PROBLEM DETAILS: Your task is to repeat each record verbatim, exactly as it was written.

Records from a dataset:
━━━━━━
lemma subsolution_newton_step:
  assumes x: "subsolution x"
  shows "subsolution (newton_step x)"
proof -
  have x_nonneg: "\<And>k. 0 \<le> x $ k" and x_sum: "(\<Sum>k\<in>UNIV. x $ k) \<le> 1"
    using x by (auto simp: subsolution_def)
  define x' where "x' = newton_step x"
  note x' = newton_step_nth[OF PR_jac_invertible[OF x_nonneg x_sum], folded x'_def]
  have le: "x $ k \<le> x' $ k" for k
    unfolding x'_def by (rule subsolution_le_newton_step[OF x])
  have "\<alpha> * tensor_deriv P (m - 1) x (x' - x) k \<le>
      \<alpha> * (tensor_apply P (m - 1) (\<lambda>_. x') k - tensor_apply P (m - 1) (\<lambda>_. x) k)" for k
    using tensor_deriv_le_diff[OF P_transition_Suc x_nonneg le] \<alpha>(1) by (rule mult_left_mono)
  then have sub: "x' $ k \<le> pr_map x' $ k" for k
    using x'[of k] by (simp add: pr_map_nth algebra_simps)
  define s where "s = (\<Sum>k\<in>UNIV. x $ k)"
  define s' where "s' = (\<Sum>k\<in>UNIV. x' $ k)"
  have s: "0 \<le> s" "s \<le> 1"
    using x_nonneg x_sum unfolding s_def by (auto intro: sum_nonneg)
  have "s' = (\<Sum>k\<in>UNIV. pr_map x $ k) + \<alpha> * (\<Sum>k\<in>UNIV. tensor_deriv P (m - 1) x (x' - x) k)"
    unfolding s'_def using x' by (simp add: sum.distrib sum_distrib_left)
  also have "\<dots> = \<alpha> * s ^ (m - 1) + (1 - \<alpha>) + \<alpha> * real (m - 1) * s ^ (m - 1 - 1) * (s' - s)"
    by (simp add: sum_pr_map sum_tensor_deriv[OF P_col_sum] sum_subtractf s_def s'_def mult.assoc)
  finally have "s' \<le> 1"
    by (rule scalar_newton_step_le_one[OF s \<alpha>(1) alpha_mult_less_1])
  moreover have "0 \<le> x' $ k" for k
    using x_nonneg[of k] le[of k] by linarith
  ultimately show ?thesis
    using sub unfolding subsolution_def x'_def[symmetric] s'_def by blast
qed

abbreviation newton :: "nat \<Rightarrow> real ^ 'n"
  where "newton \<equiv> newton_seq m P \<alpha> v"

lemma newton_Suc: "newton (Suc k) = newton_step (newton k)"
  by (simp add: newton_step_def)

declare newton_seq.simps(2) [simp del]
━━━━━━
EXPECTED ANSWER:
lemma subsolution_newton_step:
  assumes x: "subsolution x"
  shows "subsolution (newton_step x)"
proof -
  have x_nonneg: "\<And>k. 0 \<le> x $ k" and x_sum: "(\<Sum>k\<in>UNIV. x $ k) \<le> 1"
    using x by (auto simp: subsolution_def)
  define x' where "x' = newton_step x"
  note x' = newton_step_nth[OF PR_jac_invertible[OF x_nonneg x_sum], folded x'_def]
  have le: "x $ k \<le> x' $ k" for k
    unfolding x'_def by (rule subsolution_le_newton_step[OF x])
  have "\<alpha> * tensor_deriv P (m - 1) x (x' - x) k \<le>
      \<alpha> * (tensor_apply P (m - 1) (\<lambda>_. x') k - tensor_apply P (m - 1) (\<lambda>_. x) k)" for k
    using tensor_deriv_le_diff[OF P_transition_Suc x_nonneg le] \<alpha>(1) by (rule mult_left_mono)
  then have sub: "x' $ k \<le> pr_map x' $ k" for k
    using x'[of k] by (simp add: pr_map_nth algebra_simps)
  define s where "s = (\<Sum>k\<in>UNIV. x $ k)"
  define s' where "s' = (\<Sum>k\<in>UNIV. x' $ k)"
  have s: "0 \<le> s" "s \<le> 1"
    using x_nonneg x_sum unfolding s_def by (auto intro: sum_nonneg)
  have "s' = (\<Sum>k\<in>UNIV. pr_map x $ k) + \<alpha> * (\<Sum>k\<in>UNIV. tensor_deriv P (m - 1) x (x' - x) k)"
    unfolding s'_def using x' by (simp add: sum.distrib sum_distrib_left)
  also have "\<dots> = \<alpha> * s ^ (m - 1) + (1 - \<alpha>) + \<alpha> * real (m - 1) * s ^ (m - 1 - 1) * (s' - s)"
    by (simp add: sum_pr_map sum_tensor_deriv[OF P_col_sum] sum_subtractf s_def s'_def mult.assoc)
  finally have "s' \<le> 1"
    by (rule scalar_newton_step_le_one[OF s \<alpha>(1) alpha_mult_less_1])
  moreover have "0 \<le> x' $ k" for k
    using x_nonneg[of k] le[of k] by linarith
  ultimately show ?thesis
    using sub unfolding subsolution_def x'_def[symmetric] s'_def by blast
qed

abbreviation newton :: "nat \<Rightarrow> real ^ 'n"
  where "newton \<equiv> newton_seq m P \<alpha> v"

lemma newton_Suc: "newton (Suc k) = newton_step (newton k)"
  by (simp add: newton_step_def)

declare newton_seq.simps(2) [simp del]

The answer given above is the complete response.